Letting out a savage scream, which shook the rubble further and showered me with dust, I hurled that rock like my aunt hurls the gillnet. It went straight and true and hit that face full in its nose. There was a hollow clatter and the face, along with the whole head belonging to it, fell into the pool. I had knocked the thing off entirely. Now I was filled with a different sort of horror and scrambled backwards out of the pool, away from the head. It bobbed in the water with its black eyes staring. Then I stopped. Its eyes were not just black and empty but really hollow; that is, it had no eyeballs.
It was a head, but it wasn’t alive. It wasn’t even a proper head. It was just a skull; a human skull.
Chapter Seventeen
Bones
I DID THINK ABOUT GETTING OUT of there right then, before that skull could do something like talk. I didn’t want to hear anything it had to say even if its head was now brimful with wisdom and help for such as me. Before any of Ma’s walking dead could prove themselves to me, or the Other
s came swarming like jellies, I wanted to be out in the common world under a regular sun.
I didn’t want to meet any of the drowned crofters who walked the undersea-paths. I didn’t want to see their sad, swinging lanterns, nor have any of them choose me as a companion. I wanted no broken-hearted cave-dwelling ancestors to find and hold me there to warm their cold, cloven hearts. I didn’t want to hear the banshee Scully told me about. Suddenly I didn’t feel proud to be a Marrey, stuck in our cove of bafflement. I just wanted to get out.

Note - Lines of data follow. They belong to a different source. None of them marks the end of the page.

(* Let $\Phi(n)$ be an $\mathrm{st}_{\mathbb N}$-prenex formula, possibly with arbitrary (not necessarily standard) parameters. Then (in SPOT) $$\exists^{\mathrm{st}} S\;\forall^{\mathrm{st}} n\;\big(n\in S \iff n\in\mathbb N\wedge \Phi(n)\big).$$
   Context: We work in the theory SPOT. Its language is the $\in$-language (membership together with the usual defined symbols of mathematics such as $\mathbb N,\mathbb R,<,+,\cdot$) enriched by a unary predicate $\mathrm{st}$ ("$x$ is standard"). An $\in$-formula is a formula not mentioning $\mathrm{st}$. $\forall^{\mathrm{st}}x$ and $\exists^{\mathrm{st}}x$ denote quantifiers restricted to standard sets. The axioms of SPOT are: ZF; Transfer: for every $\in$-formula $\varphi(x)$ all of whose parameters are standard, $\forall^{\mathrm{st}}x\,\varphi(x)\to\forall x\,\varphi(x)$; Nontriviality: $\exists \nu\in\mathbb N\,\forall^{\mathrm{st}}n\in\mathbb N\,(n\neq\nu)$; Standard Part: $\forall A\subseteq\mathbb N\,\exists^{\mathrm{st}}B\subseteq\mathbb N\,\forall^{\mathrm{st}}n\in\mathbb N\,(n\in B\iff n\in A)$. A real $x$ is limited if $|x|\le n$ for some standard $n\in\mathbb N$; $x\approx r$ means $|x-r|\le 1/n$ for all standard $n\ge 1$; $x$ is infinitesimal if $x\approx 0$ and $x\ne0$; for limited $x$, $\mathrm{sh}(x)$ denotes the unique standard real $r$ with $x\approx r$. Write $\forall^{\mathrm{st}}_{\mathbb N}u\,\dots$ for $\forall u\,(u\in\mathbb N\wedge\mathrm{st}(u)\to\dots)$ and $\exists^{\mathrm{st}}_{\mathbb N}u\,\dots$ for $\exists u\,(u\in\mathbb N\wedge\mathrm{st}(u)\wedge\dots)$. An $\mathrm{st}_{\mathbb N}$-prenex formula is a formula of the form $\mathsf Q^{\mathrm{st}}_{\mathbb N}u_1\cdots\mathsf Q^{\mathrm{st}}_{\mathbb N}u_s\,\psi(u_1,\dots,u_s,v_1,\dots,v_r)$ where $\psi$ is an $\in$-formula and each $\mathsf Q$ is $\forall$ or $\exists$. *)

theory Defs
  imports Main
begin

text \<open>Deep embedding of first-order \<in>-formulas (no st predicate): these are
  exactly the internal formulas.  Variables are natural numbers.\<close>

datatype fm = Mem nat nat | Eq nat nat | Neg fm | Conj fm fm | Ex nat fm

fun sat :: "('u \<Rightarrow> 'u \<Rightarrow> bool) \<Rightarrow> (nat \<Rightarrow> 'u) \<Rightarrow> fm \<Rightarrow> bool" where
  "sat M \<rho> (Mem i j) = M (\<rho> i) (\<rho> j)"
| "sat M \<rho> (Eq i j) = (\<rho> i = \<rho> j)"
| "sat M \<rho> (Neg \<phi>) = (\<not> sat M \<rho> \<phi>)"
| "sat M \<rho> (Conj \<phi> \<psi>) = (sat M \<rho> \<phi> \<and> sat M \<rho> \<psi>)"
| "sat M \<rho> (Ex v \<phi>) = (\<exists>a. sat M (\<rho>(v := a)) \<phi>)"

fun fv :: "fm \<Rightarrow> nat set" where
  "fv (Mem i j) = {i, j}"
| "fv (Eq i j) = {i, j}"
| "fv (Neg \<phi>) = fv \<phi>"
| "fv (Conj \<phi> \<psi>) = fv \<phi> \<union> fv \<psi>"
| "fv (Ex v \<phi>) = fv \<phi> - {v}"

definition inductive_set_zf :: "('u \<Rightarrow> 'u \<Rightarrow> bool) \<Rightarrow> 'u \<Rightarrow> bool" where
  "inductive_set_zf M w \<longleftrightarrow>
     (\<exists>e. M e w \<and> (\<forall>y. \<not> M y e)) \<and>
     (\<forall>x. M x w \<longrightarrow> (\<exists>s. M s w \<and> (\<forall>y. M y s \<longleftrightarrow> M y x \<or> y = x)))"
lemma filterlim_floor_pow:
  assumes \<beta>: "\<beta> > 1"
  shows "filterlim (floor_pow \<beta>) at_top sequentially"
  unfolding filterlim_at_top
proof
  fix Z :: nat
  obtain n0 where n0: "real Z + 1 < \<beta> ^ n0"
    using real_arch_pow[OF \<beta>] by blast
  have "Z \<le> floor_pow \<beta> n" if "n \<ge> n0" for n
  proof -
    have "\<beta> ^ n0 \<le> \<beta> ^ n"
      using that \<beta> by (simp add: power_increasing)
    then have "real Z < real (floor_pow \<beta> n)"
      using n0 floor_pow_gt[of \<beta> n] \<beta> by linarith
    then show ?thesis
      by simp
  qed
  then show "eventually (\<lambda>n. Z \<le> floor_pow \<beta> n) sequentially"
    unfolding eventually_sequentially by blast
qed

lemma eventually_floor_pow_Suc_le:
  assumes \<beta>: "\<beta> > 1"
  shows "eventually (\<lambda>n. real (floor_pow \<beta> (Suc n)) \<le> \<beta>\<^sup>2 * real (floor_pow \<beta> n)) sequentially"
proof -
  obtain n0 where n0: "\<beta> / (\<beta> - 1) < \<beta> ^ n0"
    using real_arch_pow[OF \<beta>] by blast
  have "real (floor_pow \<beta> (Suc n)) \<le> \<beta>\<^sup>2 * real (floor_pow \<beta> n)" if "n \<ge> n0" for n
  proof -
    have "\<beta> ^ n0 \<le> \<beta> ^ n"
      using that \<beta> by (simp add: power_increasing)
    then have "\<beta> / (\<beta> - 1) < \<beta> ^ n"
      using n0 by simp
    then have "\<beta> ^ n / \<beta> \<le> \<beta> ^ n - 1"
      using \<beta> by (simp add: field_simps)
    then have "\<beta> ^ n / \<beta> \<le> real (floor_pow \<beta> n)"
      using floor_pow_gt[of \<beta> n] \<beta> by simp
    then have "\<beta> ^ Suc n \<le> \<beta>\<^sup>2 * real (floor_pow \<beta> n)"
      using \<beta> by (simp add: field_simps power2_eq_square)
    then show ?thesis
      using floor_pow_le[of \<beta> "Suc n"] \<beta> by simp
  qed
  then show ?thesis
    unfolding eventually_sequentially by blast
qed

lemma exists_bracketing_index:
  fixes k :: "nat \<Rightarrow> nat"
  assumes "filterlim k at_top sequentially" and "k n0 \<le> m"
  shows "\<exists>n\<ge>n0. k n \<le> m \<and> m < k (Suc n)"
proof (rule ccontr)
  assume "\<not> ?thesis"
  then have step: "k n \<le> m \<Longrightarrow> k (Suc n) \<le> m" if "n \<ge> n0" for n
    using that by (simp add: not_less)
  have below: "k n \<le> m" if "n \<ge> n0" for n
    using that by (induction n rule: dec_induct) (use assms(2) step in auto)
  obtain K where "\<And>n. n \<ge> K \<Longrightarrow> Suc m \<le> k n"
    using assms(1) unfolding filterlim_at_top eventually_sequentially by blast
  then obtain n where "n \<ge> n0" and "k n > m"
    by (metis Suc_le_lessD max.cobounded1 max.cobounded2)
  then show False
    using below by (simp add: not_le[symmetric])
qed

lemma average_le_bracketed:
  fixes S :: "nat \<Rightarrow> real" and \<beta> :: real and k k' m :: nat
  assumes mono: "mono S" and nonneg: "\<And>m. S m \<ge> 0"
    and k: "k \<ge> 1" "k \<le> m" "m < k'" "real k' \<le> \<beta>\<^sup>2 * k"
    and close: "\<bar>S k' / k' - \<mu>\<bar> < \<epsilon>"
  shows "S m / m \<le> (\<mu> + \<epsilon>) * \<beta>\<^sup>2"
proof -
  have upper_k': "S k' < (\<mu> + \<epsilon>) * k'"
    using close k by (simp add: abs_less_iff field_simps)
  have "\<mu> + \<epsilon> > 0"
  proof (rule ccontr)
    assume "\<not> \<mu> + \<epsilon> > 0"
    then have "(\<mu> + \<epsilon>) * k' \<le> 0"
      by (simp add: mult_nonpos_nonneg)
    with upper_k' nonneg[of k'] show False
      by linarith
  qed
  have "S m \<le> S k'"
    using monoD[OF mono] k by simp
  also have "\<dots> \<le> (\<mu> + \<epsilon>) * k'"
    using upper_k' by simp
  also have "\<dots> \<le> (\<mu> + \<epsilon>) * (\<beta>\<^sup>2 * k)"
    using k \<open>\<mu> + \<epsilon> > 0\<close> by (simp add: mult_left_mono)
  also have "\<dots> \<le> (\<mu> + \<epsilon>) * (\<beta>\<^sup>2 * m)"
    using k \<open>\<mu> + \<epsilon> > 0\<close> by (simp add: mult_left_mono)
  finally show ?thesis
    using k by (simp add: field_simps)
qed

lemma average_ge_bracketed:
  fixes S :: "nat \<Rightarrow> real" and \<beta> :: real and k k' m :: nat
  assumes mono: "mono S" and nonneg: "\<And>m. S m \<ge> 0" and \<beta>: "\<beta> > 0"
    and k: "k \<ge> 1" "k \<le> m" "m < k'" "real k' \<le> \<beta>\<^sup>2 * k"
    and close: "\<bar>S k / k - \<mu>\<bar> < \<epsilon>"
  shows "(\<mu> - \<epsilon>) / \<beta>\<^sup>2 \<le> S m / m"
proof (cases "\<mu> - \<epsilon> \<le> 0")
  case True
  then have "(\<mu> - \<epsilon>) / \<beta>\<^sup>2 \<le> 0"
    using \<beta> by (simp add: divide_nonpos_pos)
  moreover have "0 \<le> S m / m"
    using nonneg[of m] by simp
  ultimately show ?thesis
    by linarith
next
  case False
  have "(\<mu> - \<epsilon>) * (m / \<beta>\<^sup>2) \<le> (\<mu> - \<epsilon>) * k"
    using False k \<beta> by (intro mult_left_mono) (auto simp: field_simps)
  also have "\<dots> < S k"
    using close k by (simp add: abs_less_iff field_simps)
  also have "\<dots> \<le> S m"
    using monoD[OF mono] k by simp
  finally show ?thesis
    using k \<beta> by (simp add: field_simps)
qed

lemma average_bounds_from_floor_pow:
  fixes S :: "nat \<Rightarrow> real"
  assumes mono: "mono S" and nonneg: "\<And>m. S m \<ge> 0" and \<beta>: "\<beta> > 1" and \<epsilon>: "\<epsilon> > 0"
    and lim: "(\<lambda>n. S (floor_pow \<beta> n) / floor_pow \<beta> n) \<longlonglongrightarrow> \<mu>"
  shows "eventually (\<lambda>m. (\<mu> - \<epsilon>) / \<beta>\<^sup>2 \<le> S m / m \<and> S m / m \<le> (\<mu> + \<epsilon>) * \<beta>\<^sup>2) sequentially"
proof -
  let ?k = "floor_pow \<beta>"
  have "eventually (\<lambda>n. \<bar>S (?k n) / ?k n - \<mu>\<bar> < \<epsilon> \<and> ?k (Suc n) \<le> \<beta>\<^sup>2 * ?k n) sequentially"
    using tendstoD[OF lim \<epsilon>] eventually_floor_pow_Suc_le[OF \<beta>]
    by eventually_elim (simp add: dist_real_def)
  then obtain n0 where n0: "\<And>n. n \<ge> n0 \<Longrightarrow> \<bar>S (?k n) / ?k n - \<mu>\<bar> < \<epsilon> \<and> ?k (Suc n) \<le> \<beta>\<^sup>2 * ?k n"
    unfolding eventually_sequentially by blast
  have "(\<mu> - \<epsilon>) / \<beta>\<^sup>2 \<le> S m / m \<and> S m / m \<le> (\<mu> + \<epsilon>) * \<beta>\<^sup>2" if m: "m \<ge> ?k n0" for m
  proof -
    obtain n where n: "n \<ge> n0" and kn: "?k n \<le> m" and kSn: "m < ?k (Suc n)"
      using exists_bracketing_index[OF filterlim_floor_pow[OF \<beta>] m] by blast
    have "\<beta> > 0" and "?k n \<ge> 1"
      using floor_pow_ge_1[of \<beta> n] \<beta> by auto
    with n n0[of n] n0[of "Suc n"] show ?thesis
      using average_le_bracketed[OF mono nonneg _ kn kSn] average_ge_bracketed[OF mono nonneg _ _ kn kSn]
      by simp
  qed
  then show ?thesis
    unfolding eventually_sequentially by blast
qed
lemma (in prob_space) average_tendsto_integral_compact_support:
  fixes X :: "nat \<Rightarrow> 'a \<Rightarrow> 'b::t2_space" and \<mu> :: "'b measure" and f :: "'b \<Rightarrow> real"
  assumes sets_\<mu>: "sets \<mu> = sets borel" and "compact K" and AE_K: "AE x in \<mu>. x \<in> K"
    and indep: "indep_vars (\<lambda>_. borel) X UNIV" and distr_X: "\<And>i. distr M borel (X i) = \<mu>"
    and cont: "continuous_on UNIV f"
  shows "AE \<omega> in M. (\<lambda>n. (\<Sum>i=1..n. f (X i \<omega>)) / real n) \<longlonglongrightarrow> (\<integral>x. f x \<partial>\<mu>)"
proof -
  have [measurable]: "X i \<in> borel_measurable M" for i
    using indep unfolding indep_vars_def by blast
  have [measurable]: "K \<in> sets borel"
    using \<open>compact K\<close> by (simp add: compact_imp_closed borel_closed)
  obtain B where B: "\<And>x. x \<in> K \<Longrightarrow> \<bar>f x\<bar> \<le> B"
    using compact_imp_bounded[OF compact_continuous_image[OF continuous_on_subset[OF cont] \<open>compact K\<close>]]
    by (auto simp: bounded_iff)
  define g where "g x = (if x \<in> K then f x else 0)" for x
  have [measurable]: "g \<in> borel_measurable borel"
    unfolding g_def using cont
    by (intro borel_measurable_continuous_on_if) (auto intro: continuous_on_subset)
  \<comment> \<open>Truncating \<open>f\<close> outside the support makes the summands bounded, so Hoeffding's inequality applies.\<close>
  have lim: "AE \<omega> in M. (\<lambda>n. (\<Sum>i=1..n. g (X i \<omega>)) / real n) \<longlonglongrightarrow> expectation (\<lambda>\<omega>. g (X 0 \<omega>))"
  proof (rule strong_law_bounded_iid[where a = "- \<bar>B\<bar> - 1" and b = "\<bar>B\<bar> + 1"])
    show "indep_vars (\<lambda>_. borel) (\<lambda>i \<omega>. g (X i \<omega>)) UNIV"
      by (rule indep_vars_compose2[OF indep]) simp
    have "distr M borel (\<lambda>\<omega>. g (X i \<omega>)) = distr \<mu> borel g" for i
      using distr_distr[of g borel borel "X i" M, symmetric] by (simp add: distr_X comp_def)
    then show "distr M borel (\<lambda>\<omega>. g (X i \<omega>)) = distr M borel (\<lambda>\<omega>. g (X 0 \<omega>))" for i
      by simp
    show "g (X i \<omega>) \<in> {- \<bar>B\<bar> - 1..\<bar>B\<bar> + 1}" for i \<omega>
      using B[of "X i \<omega>"] by (auto simp: g_def abs_le_iff)
  qed simp
  have expectation_g: "expectation (\<lambda>\<omega>. g (X 0 \<omega>)) = (\<integral>x. f x \<partial>\<mu>)"
  proof -
    have "expectation (\<lambda>\<omega>. g (X 0 \<omega>)) = (\<integral>x. g x \<partial>\<mu>)"
      using integral_distr[of "X 0" M borel g] by (simp add: distr_X)
    also have "\<dots> = (\<integral>x. f x \<partial>\<mu>)"
    proof (rule integral_cong_AE)
      show "g \<in> borel_measurable \<mu>"
        unfolding measurable_cong_sets[OF sets_\<mu> refl] by measurable
      show "f \<in> borel_measurable \<mu>"
        unfolding measurable_cong_sets[OF sets_\<mu> refl] using cont by (rule borel_measurable_continuous_onI)
      show "AE x in \<mu>. g x = f x"
        using AE_K by eventually_elim (simp add: g_def)
    qed
    finally show ?thesis .
  qed
  have "AE \<omega> in M. \<forall>i. X i \<omega> \<in> K"
    unfolding AE_all_countable
  proof
    fix i
    have "AE x in distr M borel (X i). x \<in> K"
      unfolding distr_X by (rule AE_K)
    then show "AE \<omega> in M. X i \<omega> \<in> K"
      by (subst (asm) AE_distr_iff) auto
  qed
  with lim show ?thesis
    unfolding expectation_g by eventually_elim (simp add: g_def)
qed
(* Let $\boldsymbol\alpha$ be a fixed static allocation in the setting described in the context. Then $$\mathrm{LDR}_{\mathrm{FS}}:=\liminf_{n\to\infty}-\frac1n\log\mathrm{P}\left(i^*_n\neq\{i^*\}\right)\;\ge\;\min_{j\ne i^*}\mathrm{LDR}_{j,i^*},\qquad\text{where } \mathrm{LDR}_{j,i^*}:=\min_{\mathbf M\in\mathcal A_j}\sum_{(i,\theta_b)\in I(\mathbf M)}G_i(\theta_b).$$
   Context: There are $k\ge2$ solutions and $B$ parameter values $\theta_1,\dots,\theta_B$ with probabilities $p_1,\dots,p_B\ge0$, $\sum_bp_b=1$. For each $i,b$, $y_i(\theta_b)\in\mathbb R$ is the mean simulation output of solution $i$ at $\theta_b$. For each $b$, $i^b=\arg\min_iy_i(\theta_b)$ is assumed unique, and the most probable best $i^*=\arg\max_{1\le i\le k}\sum_bp_b\mathbf 1\{i=i^b\}$ is assumed unique. Simulation outputs at $(i,\theta_b)$ are i.i.d. $N(y_i(\theta_b),\lambda_i^2(\theta_b))$ with known $\lambda_i(\theta_b)>0$, independent across pairs. A static allocation is $\boldsymbol\alpha$ with $\alpha_i(\theta_b)\ge0$, $\sum_{i,b}\alpha_i(\theta_b)=1$; after total budget $n$, pair $(i,\theta_b)$ has $N_i^n(\theta_b)$ replications with $N_i^n(\theta_b)/n\to\alpha_i(\theta_b)$ and $N_i^n(\theta_b)\to\infty$. Let $\mu_{i,n}(\theta_b)$ be the sample mean at $(i,\theta_b)$, $i^b_n=\arg\min_i\mu_{i,n}(\theta_b)$, and $i^*_n$ the set of maximizers of $i\mapsto\sum_bp_b\mathbf 1\{i=i^b_n\}$ (so a tie counts as $i^*_n\ne\{i^*\}$). Let $\mathcal M=\{\mathbf M\in\{0,1\}^{k\times B}:\mathbf M^\top\mathbf 1_k=\mathbf 1_B\}$ with entries $m_{i,b}$. For $\mathbf M\in\mathcal M$ define $d_j(\mathbf M)=\sum_bp_bm_{i^*,b}-\sum_bp_bm_{j,b}$, $I(\mathbf M)=\{(i,\theta_b):m_{i,b}=1,i\ne i^b\}$, and for $j\ne i^*$, $\mathcal A_j=\{\mathbf M\in\mathcal M:d_j(\mathbf M)\le0\}$. For $i\ne i^b$, $$G_i(\theta_b)=\frac{(y_i(\theta_b)-y_{i^b}(\theta_b))^2}{2\left(\lambda_i^2(\theta_b)/\alpha_i(\theta_b)+\lambda_{i^b}^2(\theta_b)/\alpha_{i^b}(\theta_b)\right)},$$ with $G_i(\theta_b)=0$ if $\alpha_i(\theta_b)=0$ or $\alpha_{i^b}(\theta_b)=0$. *)

theory Defs
  imports "HOL-Probability.Probability"
begin

text \<open>Solutions are indexed by i < k, parameter values by b < B.
  A matrix M in the set calM is a 0/1 matrix (entries m_{i,b} = of_bool (M i b)) supported on
  {..<k} x {..<B} with exactly one 1 in every column b < B.\<close>

definition calM :: "nat \<Rightarrow> nat \<Rightarrow> (nat \<Rightarrow> nat \<Rightarrow> bool) set" where
  "calM k B = {M. (\<forall>i b. M i b \<longrightarrow> i < k \<and> b < B) \<and> (\<forall>b<B. \<exists>!i. i < k \<and> M i b)}"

I could have wriggled through the tunnel and been away down the gorge, safely back in our yard before another stone could drop in Carrick, before another great tide could wash in or another hot cloud of dust settle. I was stuffed to the gullet with the gods, water-spirits and cave-ghosts, sea-folk, faery, and all their kind. I just wanted something to be real. With my fear turning to anger, I fished the skull from the dark pool.
Where there was a head there was bound to be a body. There was no running away from that fact. My reckless legs were scrambling up the rubble before my craven belly could stop them. As I did, shocks of clattering stone ran around the cavern and sounded through all its chimneys and chambers.
The skull had brought with it an Otherwise humour. Anything could live in that beehive underworld for a lifetime and never be found. I half expected tribes of bloodless cave folk, dwarfish men and pale, hovering women, to swarm over me like ants and carry me off to tend their slug-like offspring. Or a giant spider to take me delicately between his feet and wrap me in white web and hang me like our rabbits in his larder. Or at the very least, a blood-hungry landlocked eel to rise from the pool and eat every part of me. But there was nothing; just the sound of dripping damp and my own sliding footfalls, and sometimes the dark pool bubbling a little. As I cleared the rock-slip, though, all the ghouls of my mind’s eye melted away.